Look through the records below for the line holding "using assms(2) unfolding similar_matrix_def". Write it out exactly, with each following line through the line holding "section \<open>Generic pure".

--------------------------------------------------

lemma separated_quasi_isometric_imp_bilipschitz:
  assumes "Metric_space M d" and "uniformly_discrete M d"
    and "quasi_isometric_embedding M d g" and "\<delta> > 0"
    and sep: "\<And>x z. x \<in> M \<Longrightarrow> z \<in> M \<Longrightarrow> x \<noteq> z \<Longrightarrow> \<delta> \<le> dist (g x) (g z)"
  shows "bilipschitz_embedding M d g"
proof -
  interpret Metric_space M d by fact
  obtain a1 a2 b where a1: "a1 > 0" and a2: "a2 > 0" and b: "b \<ge> 0" and g_qi: "\<And>u v. u \<in> M \<Longrightarrow>
      v \<in> M \<Longrightarrow> a1 * d u v - b \<le> dist (g u) (g v) \<and> dist (g u) (g v) \<le> a2 * d u v + b"
    using assms(3) unfolding quasi_isometric_embedding_def by blast
  obtain e where e: "e > 0" and discrete: "\<And>u v. u \<in> M \<Longrightarrow> v \<in> M \<Longrightarrow> u \<noteq> v \<Longrightarrow> e \<le> d u v"
    using assms(2) unfolding uniformly_discrete_def by blast
  \<comment> \<open>Beyond distance R the additive constant is at most half of the linear lower bound.\<close>
  define R where "R = 2 * (b + 1) / a1"
  define c where "c = min (a1 / 2) (\<delta> / R)"
  define C where "C = max c (a2 + b / e)"
  have R_pos: "R > 0" and c_pos: "c > 0" using a1 b \<open>\<delta> > 0\<close> by (simp_all add: R_def c_def)
  have c_le: "c \<le> a1 / 2" "c \<le> \<delta> / R" unfolding c_def by (rule min.cobounded1, rule min.cobounded2)
  have distinct_bounds: "c * d x z \<le> dist (g x) (g z) \<and> dist (g x) (g z) \<le> C * d x z"
    if x: "x \<in> M" and z: "z \<in> M" and "x \<noteq> z" for x z
  proof
    have "e \<le> d x z" using discrete[OF x z \<open>x \<noteq> z\<close>] .
    have "c * d x z \<le> a1 * d x z - b" if "R \<le> d x z"
    proof -
      have "2 * (b + 1) \<le> a1 * d x z"
        using that a1 mult_left_mono[OF that, of a1] by (simp add: R_def)
      moreover have "c * d x z \<le> a1 * d x z / 2"
        using mult_right_mono[OF c_le(1), of "d x z"] \<open>e \<le> d x z\<close> e by simp
      ultimately show ?thesis by (simp add: field_simps)
    qed
    moreover have "c * d x z \<le> \<delta>" if "d x z < R"
    proof -
      have "c * d x z \<le> \<delta> / R * R"
        using c_le c_pos that \<open>e \<le> d x z\<close> e by (intro mult_mono) auto
      then show ?thesis using R_pos by simp
    qed
    ultimately show "c * d x z \<le> dist (g x) (g z)"
      using g_qi[OF x z] sep[OF x z \<open>x \<noteq> z\<close>] by (meson linorder_not_le order_trans)
    have "b \<le> b / e * d x z"
      using \<open>e \<le> d x z\<close> e b by (simp add: field_simps mult_left_mono)
    then have "dist (g x) (g z) \<le> (a2 + b / e) * d x z"
      using g_qi[OF x z] by (simp add: algebra_simps)
    also have "\<dots> \<le> C * d x z"
      unfolding C_def using \<open>e \<le> d x z\<close> e by (intro mult_right_mono) auto
    finally show "dist (g x) (g z) \<le> C * d x z" .
  qed
  have "c * d x z \<le> dist (g x) (g z) \<and> dist (g x) (g z) \<le> C * d x z"
    if "x \<in> M" and "z \<in> M" for x z
    using that distinct_bounds[OF that] by (cases "x = z") simp_all
  moreover have "c \<le> C" unfolding C_def by simp
  ultimately show ?thesis
    unfolding bilipschitz_embedding_def using c_pos by (intro exI[of _ c] exI[of _ C] conjI) auto
qed

theorem lemmaL:
  fixes M :: "'a set" and d :: "'a \<Rightarrow> 'a \<Rightarrow> real"
  assumes "Metric_space M d"
    and "locally_finite_metric M d"
    and "uniformly_discrete M d"
    and "infinite_dimensional TYPE('b::banach)"
    and "\<exists>f :: 'a \<Rightarrow> 'b. quasi_isometric_embedding M d f"
  shows "\<exists>g :: 'a \<Rightarrow> 'b. bilipschitz_embedding M d g"
proof -
  obtain f :: "'a \<Rightarrow> 'b" where f: "quasi_isometric_embedding M d f" using assms(5) by blast
  obtain g where close: "\<And>x. x \<in> M \<Longrightarrow> dist (g x) (f x) \<le> 1"
    and sep: "\<And>x z. x \<in> M \<Longrightarrow> z \<in> M \<Longrightarrow> x \<noteq> z \<Longrightarrow> 1/2 \<le> dist (g x) (g z)"
    using exists_separating_perturbation[OF locally_finite_metric_imp_countable[OF assms(2)] assms(4)]
    by blast
  have "quasi_isometric_embedding M d g"
    using quasi_isometric_embedding_bounded_perturbation[OF f _ close] by simp
  then have "bilipschitz_embedding M d g"
    by (rule separated_quasi_isometric_imp_bilipschitz[where \<delta>="1/2", OF assms(1,3) _ _ sep]) simp
  then show ?thesis by blast
qed

end
lemma unitary_kron_list_local_gate:
  "unitary_mat 2 T \<Longrightarrow> unitary_mat (2 ^ sum_list (map At L)) (kron_list (map (local_gate T) L))"
  using unitary_mat_kron_list[of L "\<lambda>\<beta>. 2 ^ At \<beta>" "local_gate T"] unitary_local_gate
  by (simp add: prod_list_two_pow[of "map At L", symmetric] comp_def)

lemma ctx_level_occurrence:
  assumes T: "unitary_mat 2 T" and H: "holistic T Hol"
    and i: "1 \<le> i" and hi: "i < height \<gamma>" and L: "level \<gamma> i = A @ \<beta> # B"
  defines "PA \<equiv> 2 ^ sum_list (map At A)" and "D \<equiv> 2 ^ At \<beta>" and "PB \<equiv> 2 ^ sum_list (map At B)"
  shows "ctx Hol \<gamma> i (length A) =
    app_gate (local_gate T \<beta>) (ptrace_right D PB (ptrace_left PA (D * PB) (Hol \<gamma> (Suc i))))"
proof -
  define \<rho> where "\<rho> = Hol \<gamma> (Suc i)"
  have "2 ^ At \<gamma> = PA * (D * PB)"
    using sum_At_level[of \<gamma> i] by (simp add: L PA_def D_def PB_def flip: power_add)
  then have \<rho>: "\<rho> \<in> carrier_mat (PA * (D * PB)) (PA * (D * PB))"
    using holistic_density[OF H, of "Suc i" \<gamma>] hi by (simp add: density_def \<rho>_def)
  have G: "local_gate T \<beta> \<in> carrier_mat D D"
    using unitary_local_gate[OF T] by (simp add: D_def unitary_mat_def)
  have "ctx Hol \<gamma> i (length A) = Red (map At A @ [At \<beta>] @ map At B) [length A..<length A + length [At \<beta>]]
      (app_gate (level_gate T \<gamma> i) \<rho>)"
    using holistic_step[OF H i hi] by (simp add: ctx_def L \<rho>_def)
  also have "\<dots> = ptrace_right D PB (ptrace_left PA (D * PB) (app_gate (level_gate T \<gamma> i) \<rho>))"
    using Red_block[of "map At A" "[At \<beta>]" "map At B"] by (simp add: PA_def D_def PB_def)
  also have "\<dots> = app_gate (local_gate T \<beta>) (ptrace_right D PB (ptrace_left PA (D * PB) \<rho>))"
    using ptrace_outer_app_gate_kron[OF unitary_kron_list_local_gate[OF T]
        unitary_kron_list_local_gate[OF T] G \<rho>[unfolded PA_def PB_def]]
    by (simp add: level_gate_split[OF L] PA_def PB_def)
  finally show ?thesis by (simp add: \<rho>_def)
qed
lemma tuple_term_upd:
  assumes "k < n" "i \<in> tuples_from n (Suc k) c"
  shows "tuple_term n m x k (i(k := a))
    = (if c = a then 1 else -1) * tuple_term n m x (Suc k) i / (x k - x a)"
proof -
  have "(\<Prod>j=Suc k..n. x j - x ((i(k := a)) j)) = (\<Prod>j=Suc k..n. x j - x (i j))"
    by (rule prod.cong) auto
  then have "(\<Prod>j=k..n. x j - x ((i(k := a)) j)) = (x k - x a) * (\<Prod>j=Suc k..n. x j - x (i j))"
    using assms(1) by (simp add: prod.atLeast_Suc_atMost)
  then show ?thesis
    using alpha_from_upd[OF assms, of a] assms(1) unfolding tuple_term_def by (simp add: power_add)
qed

lemma tuple_sum_Suc:
  assumes "k < n" "1 \<le> a" "a < k"
  shows "tuple_sum n m x k a
    = (tuple_sum n m x (Suc k) a - tuple_sum n m x (Suc k) k) / (x k - x a)"
proof -
  let ?upd = "\<lambda>i. i(k := a)" and ?A = "tuples_from n (Suc k) a" and ?K = "tuples_from n (Suc k) k"
  have disjoint: "?A \<inter> ?K = {}"
    using assms(3) tuples_from_head[of _ n "Suc k"] by (metis disjoint_iff less_irrefl)
  have "i k = undefined" if "i \<in> tuples_from n (Suc k) c" for i c
    using tuples_from_undefined[OF that] by simp
  then have inj: "inj_on ?upd (?A \<union> ?K)"
    by (intro inj_onI) (metis Un_iff fun_upd_triv fun_upd_upd)
  have "tuple_sum n m x k a
      = (\<Sum>i \<in> ?A. tuple_term n m x k (?upd i)) + (\<Sum>i \<in> ?K. tuple_term n m x k (?upd i))"
    unfolding tuple_sum_def tuples_from_Suc[OF assms]
    by (simp add: sum.reindex[OF inj]
        sum.union_disjoint[OF finite_tuples_from finite_tuples_from disjoint])
  also have "\<dots> = (\<Sum>i \<in> ?A. tuple_term n m x (Suc k) i / (x k - x a))
      + (\<Sum>i \<in> ?K. - (tuple_term n m x (Suc k) i / (x k - x a)))"
    using assms(3) by (simp add: tuple_term_upd[OF assms(1)] cong: sum.cong)
  also have "\<dots> = (tuple_sum n m x (Suc k) a - tuple_sum n m x (Suc k) k) / (x k - x a)"
    unfolding tuple_sum_def by (simp add: sum_divide_distrib sum_negf diff_divide_distrib)
  finally show ?thesis .
qed

lemma tuple_sum_eq_complete_hom:
  fixes x :: "nat \<Rightarrow> 'a::field"
  assumes inj: "inj_on x {1..n}" and "k \<le> n" "2 \<le> k" "1 \<le> a" "a < k"
  shows "tuple_sum n (d+n-1) x k a
    = (-1) ^ (n-k) * complete_hom (d+k-2) (rev (map x [k..<Suc n]) @ [x a])"
  using assms(2-)
proof (induction k arbitrary: a rule: inc_induct)
  case base
  have "x a \<noteq> x n"
    using inj_onD[OF inj, of a n] base by auto
  moreover have "x a ^ (d+n-1) - x n ^ (d+n-1) = (x a - x n) * complete_hom (d+n-2) [x n, x a]"
    using power_diff_eq_complete_hom[of "x a" "d+n-2" "x n"] base
    by (simp add: Suc_diff_Suc numeral_2_eq_2)
  ultimately have
    "complete_hom (d+n-2) [x n, x a] = (x n ^ (d+n-1) - x a ^ (d+n-1)) / (x n - x a)"
    by (simp add: field_simps)
  moreover have "alpha_from n n (\<lambda>j. if j = n then a else undefined) = 0"
    using base unfolding alpha_from_def by simp
  ultimately show ?case
    using base unfolding tuple_sum_def tuple_term_def by (simp add: tuples_from_last)
next
  case (step k)
  let ?ys = "rev (map x [Suc k..<Suc n])"
  have "1 \<le> a" "a \<le> k" "1 \<le> k"
    using step.prems by auto
  have "x k \<noteq> x a"
    using inj_onD[OF inj, of k a] step by auto
  have degree: "d + Suc k - 2 = Suc (d+k-2)"
    using step by simp
  have IH: "tuple_sum n (d+n-1) x (Suc k) b
      = (-1) ^ (n - Suc k) * complete_hom (Suc (d+k-2)) (?ys @ [x b])"
    if "1 \<le> b" "b \<le> k" for b
    by (rule step.IH[of b, unfolded degree]) (use step.prems that in auto)
  have "tuple_sum n (d+n-1) x k a
      = (tuple_sum n (d+n-1) x (Suc k) a - tuple_sum n (d+n-1) x (Suc k) k) / (x k - x a)"
    using step by (intro tuple_sum_Suc) auto
  also have "\<dots> = (-1) ^ (n - Suc k) *
      (complete_hom (Suc (d+k-2)) (?ys @ [x a]) - complete_hom (Suc (d+k-2)) (?ys @ [x k])) / (x k - x a)"
    unfolding IH[OF \<open>1 \<le> a\<close> \<open>a \<le> k\<close>] IH[OF \<open>1 \<le> k\<close> order_refl] right_diff_distrib
    by (simp only: mult.assoc)
  also have "\<dots>
      = (-1) ^ (n - Suc k) * (x a - x k) * complete_hom (d+k-2) (?ys @ [x k, x a]) / (x k - x a)"
    by (simp add: complete_hom_snoc_diff)
  also have "\<dots> = (-1) ^ (n-k) * complete_hom (d+k-2) (rev (map x [k..<Suc n]) @ [x a])"
  proof -
    have "rev (map x [k..<Suc n]) = ?ys @ [x k]"
      using step.hyps by (simp add: upt_conv_Cons)
    moreover have "n - k = Suc (n - Suc k)"
      using step.hyps by simp
    ultimately show ?thesis
      using \<open>x k \<noteq> x a\<close> by (simp add: field_simps)
  qed
  finally show ?case .
qed

theorem mainTheorem3:
  fixes n d :: nat and x :: "nat \<Rightarrow> rat"
  assumes "n \<ge> 2" and "d \<ge> 1" and "inj_on x {1..n}"
  shows "hsym d n x =
    (\<Sum>i \<in> tuples n. (-1) ^ (alpha n i + n) / (\<Prod>j=2..n. (x j - x (i j)))
        * (x n ^ (d+n-1) - x (i n) ^ (d+n-1)))"
proof -
  have "tuples n = tuples_from n 2 1" "\<And>i. alpha n i = alpha_from n 2 i"
    unfolding tuples_def tuples_from_def alpha_def alpha_from_def by simp_all
  then have sum_eq: "(\<Sum>i \<in> tuples n. (-1) ^ (alpha n i + n) / (\<Prod>j=2..n. (x j - x (i j)))
        * (x n ^ (d+n-1) - x (i n) ^ (d+n-1))) = (-1) ^ n * tuple_sum n (d+n-1) x 2 1"
    unfolding tuple_sum_def tuple_term_def sum_distrib_left by (simp add: power_add mult_ac)
  have "rev (map x [1..<Suc n]) = rev (map x [2..<Suc n]) @ [x 1]"
    using assms(1) by (simp add: upt_conv_Cons numeral_2_eq_2)
  then have closed_form:
    "tuple_sum n (d+n-1) x 2 1 = (-1) ^ (n-2) * complete_hom d (rev (map x [1..<Suc n]))"
    using tuple_sum_eq_complete_hom[OF assms(3,1), of 1 d] by simp
  obtain m where "n = m + 2"
    using assms(1) le_Suc_ex by (metis add.commute)
  then have "(-1) ^ n * (-1) ^ (n-2) = (1::rat)"
    by (simp flip: power_add add: power_mult_distrib)
  then show ?thesis
    unfolding sum_eq closed_form hsym_eq_complete_hom by (simp only: mult.assoc[symmetric] mult_1)
qed

end
lemma map_matrix_lie_eval:
  fixes h :: "'a::comm_ring_1 \<Rightarrow> 'b::comm_ring_1"
  assumes add: "\<And>x y. h (x + y) = h x + h y" and mult: "\<And>x y. h (x * y) = h x * h y"
  shows "map_matrix h (lie_eval a (map_lie_poly g f))
       = lie_eval (\<lambda>i. map_matrix h (a i)) (map_lie_poly (h \<circ> g) f)"
proof -
  have diff: "h (x - y) = h x - h y" for x y
    using add[of "x - y" y] by (simp add: eq_diff_eq)
  have zero: "h 0 = 0"
    using add[of 0 0] by simp
  show ?thesis
  proof (induction f)
    case (LScale c p) then show ?case by (simp add: vec_eq_iff mult)
  next
    case (LBracket p q) then show ?case
      by (simp add: vec_eq_iff forall_2 commutator_def matrix_mult_2_nth add mult diff)
  qed (simp_all add: vec_eq_iff add zero)
qed

lemma det_map_matrix_2:
  fixes h :: "'a::comm_ring_1 \<Rightarrow> 'b::comm_ring_1"
  assumes "\<And>x y. h (x + y) = h x + h y" "\<And>x y. h (x * y) = h x * h y"
  shows "det (map_matrix h (M::'a^2^2)) = h (det M)"
proof -
  have "h (x - y) = h x - h y" for x y
    using assms(1)[of "x - y" y] by (simp add: eq_diff_eq)
  then show ?thesis by (simp add: det_2 assms)
qed

lemma lie_image_subset_sl2: "lie_vars f \<subseteq> {..<m} \<Longrightarrow> lie_image m f \<subseteq> sl2"
  unfolding lie_image_def by (auto intro!: trace_lie_eval)

lemma zero_in_lie_image: "0 \<in> lie_image m (f :: 'a::comm_ring_1 lie_poly)"
proof -
  have "(0::'a^2^2) \<in> sl2" by (simp add: sl2_def trace_2)
  then show ?thesis
    unfolding lie_image_def by (auto intro!: exI[of _ "\<lambda>_. 0"] simp: lie_eval_zero_assignment)
qed

lemma lie_image_similar:
  assumes "A \<in> lie_image m f" "similar_matrix A B" shows "B \<in> lie_image m f"
proof -
  obtain a where a: "A = lie_eval a f" "\<forall>i<m. a i \<in> sl2"
    using assms(1) unfolding lie_image_def by auto
  obtain P P' where P: "P ** P' = mat 1" "P' ** P = mat 1" "B = P ** A ** P'"
    using assms(2) unfolding similar_matrix_def by blast
  have "B = lie_eval (\<lambda>i. P ** a i ** P') f"
    using P a by (simp add: lie_eval_conjugate)
  moreover have "P ** X ** P' \<in> sl2" if "X \<in> sl2" for X
  proof -
    have "similar_matrix X (P ** X ** P')"
      using P unfolding similar_matrix_def by blast
    then have "trace (P ** X ** P') = trace X" by (rule trace_similar)
    then show ?thesis using that unfolding sl2_def by simp
  qed
  ultimately show ?thesis using a(2) unfolding lie_image_def by blast
qed

section \<open>Generic pure quaternions\<close>

definition neg_var :: "'a::comm_ring_1 poly \<Rightarrow> 'a poly" where
  "neg_var p = p \<circ>\<^sub>p [:0, -1:]"

lemma neg_var_0 [simp]: "neg_var 0 = 0"
  by (simp add: neg_var_def)
lemma neg_var_add [simp]: "neg_var (p + q) = neg_var p + neg_var q"
  by (simp add: neg_var_def pcompose_add)
lemma neg_var_diff [simp]: "neg_var (p - q) = neg_var p - neg_var q"
  by (simp add: neg_var_def pcompose_diff)
lemma neg_var_mult [simp]: "neg_var (p * q) = neg_var p * neg_var q"
  by (simp add: neg_var_def pcompose_mult)
lemma neg_var_pCons [simp]: "neg_var (pCons a p) = pCons a (- neg_var p)"
  by (simp add: neg_var_def pcompose_pCons)
lemma neg_var_neg_var [simp]: "neg_var (neg_var p) = p"
  by (simp add: neg_var_def flip: pcompose_assoc) (simp add: pcompose_pCons)
lemma neg_var_smult [simp]: "neg_var (smult c p) = smult c (neg_var p)"
  by (simp add: neg_var_def pcompose_smult)
lemma neg_var_numeral [simp]: "neg_var (numeral n) = numeral n"
  by (subst (1 2) numeral_poly) simp
lemma lead_coeff_neg_var: "lead_coeff (neg_var (p::'a::idom poly)) = (-1) ^ degree p * lead_coeff p"
  by (simp add: neg_var_def lead_coeff_comp mult.commute)

text \<open>With s the variable of the coefficient ring and t the outer variable, these are the matrices
  [[a(t), b(t)], [s b(-t), -a(t)]] with a odd in t, i.e.\ the trace-zero elements of the quaternion
  algebra over K(s, t^2) with norm form a^2 + s b(t) b(-t).\<close>
definition pure_quaternion :: "'a::comm_ring_1 poly poly^2^2 \<Rightarrow> bool" where
  "pure_quaternion M \<longleftrightarrow>
     M$2$2 = - M$1$1 \<and> neg_var (M$1$1) = - M$1$1 \<and> M$2$1 = [:[:0, 1:]:] * neg_var (M$1$2)"

lemma pure_quaternion_commutator:
  assumes "pure_quaternion A" "pure_quaternion B"
  shows "pure_quaternion (commutator A B)"
  using assms unfolding pure_quaternion_def commutator_def
  by (simp add: matrix_mult_2_nth algebra_simps)

lemma pure_quaternion_lie_eval:
  assumes "\<And>i. pure_quaternion (X i)"
  shows "pure_quaternion (lie_eval X (map_lie_poly (\<lambda>c. [:[:c:]:]) f))"
proof (induction f)
  case (LAdd p q) then show ?case by (simp add: pure_quaternion_def algebra_simps)
next
  case (LScale c p) then show ?case by (simp add: pure_quaternion_def mult.left_commute)
next
  case (LBracket p q) then show ?case by (simp add: pure_quaternion_commutator)
next
  case (LVar i) show ?case using assms by simp
qed (simp add: pure_quaternion_def)

lemma norm_form_anisotropic:
  fixes a b :: "'a::idom poly poly"
  assumes "a * a + [:[:0, 1:]:] * b * neg_var b = 0"
  shows "a = 0 \<and> b = 0"
proof (cases "b = 0")
  case True then show ?thesis using assms by simp
next
  case False
  txt \<open>The leading coefficients in t have even degree in s on the left and odd degree on the right.\<close>
  have "a * a = - ([:[:0, 1:]:] * b * neg_var b)"
    using assms by (simp add: eq_neg_iff_add_eq_0)
  then have "degree (lead_coeff (a * a)) = degree (lead_coeff ([:[:0, 1:]:] * b * neg_var b))"
    by (simp add: lead_coeff_minus)
  moreover have "degree (lead_coeff (a * a)) = 2 * degree (lead_coeff a)"
    unfolding lead_coeff_mult by (cases "a = 0") (simp_all add: degree_mult_eq)
  moreover have "degree ((-1::'a poly) ^ degree b) = 0"
    by (simp add: degree_power_eq)
  then have "degree (lead_coeff ([:[:0, 1:]:] * b * neg_var b)) = 1 + 2 * degree (lead_coeff b)"
    using False by (simp add: lead_coeff_mult lead_coeff_neg_var degree_mult_eq)
  ultimately show ?thesis by presburger
qed

lemma pure_quaternion_det_eq_0:
  fixes M :: "'a::idom poly poly^2^2"
  assumes "pure_quaternion M" "det M = 0"
  shows "M = 0"
proof -
  have "M$1$1 * M$1$1 + [:[:0, 1:]:] * M$1$2 * neg_var (M$1$2) = - det M"
    using assms(1) unfolding pure_quaternion_def det_2 by (simp add: algebra_simps)
  then have "M$1$1 = 0 \<and> M$1$2 = 0"
    using assms(2) norm_form_anisotropic by simp
  then show ?thesis
    using assms(1) unfolding pure_quaternion_def by (simp add: mat2_eq_iff)
qed

lemma infinite_UNIV_alg_closed: "infinite (UNIV :: 'a::alg_closed_field set)"
proof
  assume fin: "finite (UNIV :: 'a set)"
  define q :: "'a poly" where "q = (\<Prod>a\<in>UNIV. [:-a, 1:]) + 1"
  have "degree q = card (UNIV :: 'a set)"
    unfolding q_def using fin
    by (subst degree_add_eq_left) (simp_all add: degree_prod_eq_sum_degree finite_UNIV_card_ge_0)
  then have "degree q > 0"
    using fin by (simp add: finite_UNIV_card_ge_0)
  then obtain x where "poly q x = 0"
    using alg_closed_imp_poly_has_root by blast
  moreover have "poly (\<Prod>a\<in>UNIV. [:-a, 1:]) x = 0"
    unfolding poly_prod using fin by (intro prod_zero) (auto intro: bexI[of _ x])
  ultimately show False
    by (simp add: q_def)
qed

definition poly2 :: "'a::comm_semiring_0 poly poly \<Rightarrow> 'a \<Rightarrow> 'a \<Rightarrow> 'a" where
  "poly2 p s t = poly (poly p [:t:]) s"

lemma poly2_add [simp]: "poly2 (p + q) s t = poly2 p s t + poly2 q s t"
  by (simp add: poly2_def)
lemma poly2_mult [simp]: "poly2 (p * q) s t = poly2 p s t * poly2 q s t"
  by (simp add: poly2_def)
lemma poly2_const [simp]: "poly2 [:[:c:]:] s t = c"
  by (simp add: poly2_def)

lemma poly2_eq_0_if_vanishing:
  fixes p :: "'a::idom poly poly"
  assumes inf: "infinite (UNIV :: 'a set)" and vanish: "\<And>s t. poly2 p s t = 0"
  shows "p = 0"
proof -
  have "poly p [:t:] = 0" for t
    using vanish poly_roots_finite[of "poly p [:t:]"] inf unfolding poly2_def by auto
  then have "range (\<lambda>t. [:t:]) \<subseteq> {x. poly p x = 0}"
    by auto
  moreover have "infinite (range (\<lambda>t::'a. [:t:]))"
    using inf by (simp add: finite_image_iff inj_on_def)
  ultimately show ?thesis
    using poly_roots_finite finite_subset by blast
qed

lemma lie_eval_poly2:
  "map_matrix (\<lambda>p. poly2 p s t) (lie_eval X (map_lie_poly (\<lambda>c. [:[:c:]:]) f))
     = lie_eval (\<lambda>i. map_matrix (\<lambda>p. poly2 p s t) (X i)) f"
  by (subst map_matrix_lie_eval) (simp_all add: comp_def lie_poly.map_ident)

definition generic_sl2 :: "'k::field^2^2 \<Rightarrow> 'k poly poly^2^2" where
  "generic_sl2 x =
     (let a = [:0, [:x$1$1:]:]; b = [:[:(x$1$2 + x$2$1) / 2:], [:(x$1$2 - x$2$1) / 2:]:]
      in mat2 a b ([:[:0, 1:]:] * neg_var b) (- a))"

lemma pure_quaternion_generic_sl2: "pure_quaternion (generic_sl2 x)"
  by (simp add: pure_quaternion_def generic_sl2_def Let_def)

lemma poly2_generic_sl2_in_sl2: "map_matrix (\<lambda>p. poly2 p s t) (generic_sl2 x) \<in> sl2"
  by (simp add: sl2_iff generic_sl2_def Let_def poly2_def)

lemma poly2_generic_sl2_1_1:
  fixes x :: "'k::field^2^2"
  assumes "(2::'k) \<noteq> 0" "x \<in> sl2"
  shows "map_matrix (\<lambda>p. poly2 p 1 1) (generic_sl2 x) = x"
proof -
  have "(u + v) / 2 + (u - v) / 2 = u" "(u + v) / 2 - (u - v) / 2 = v" for u v :: 'k
    using assms(1) by (simp_all add: add_divide_distrib[symmetric] diff_divide_distrib[symmetric])
  then show ?thesis
    using assms(2) by (simp add: mat2_eq_iff sl2_iff generic_sl2_def Let_def poly2_def)
qed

--------------------------------------------------

**RESPONSE AREA:**
    using assms(2) unfolding similar_matrix_def by blast
  have "B = lie_eval (\<lambda>i. P ** a i ** P') f"
    using P a by (simp add: lie_eval_conjugate)
  moreover have "P ** X ** P' \<in> sl2" if "X \<in> sl2" for X
  proof -
    have "similar_matrix X (P ** X ** P')"
      using P unfolding similar_matrix_def by blast
    then have "trace (P ** X ** P') = trace X" by (rule trace_similar)
    then show ?thesis using that unfolding sl2_def by simp
  qed
  ultimately show ?thesis using a(2) unfolding lie_image_def by blast
qed

section \<open>Generic pure quaternions\<close>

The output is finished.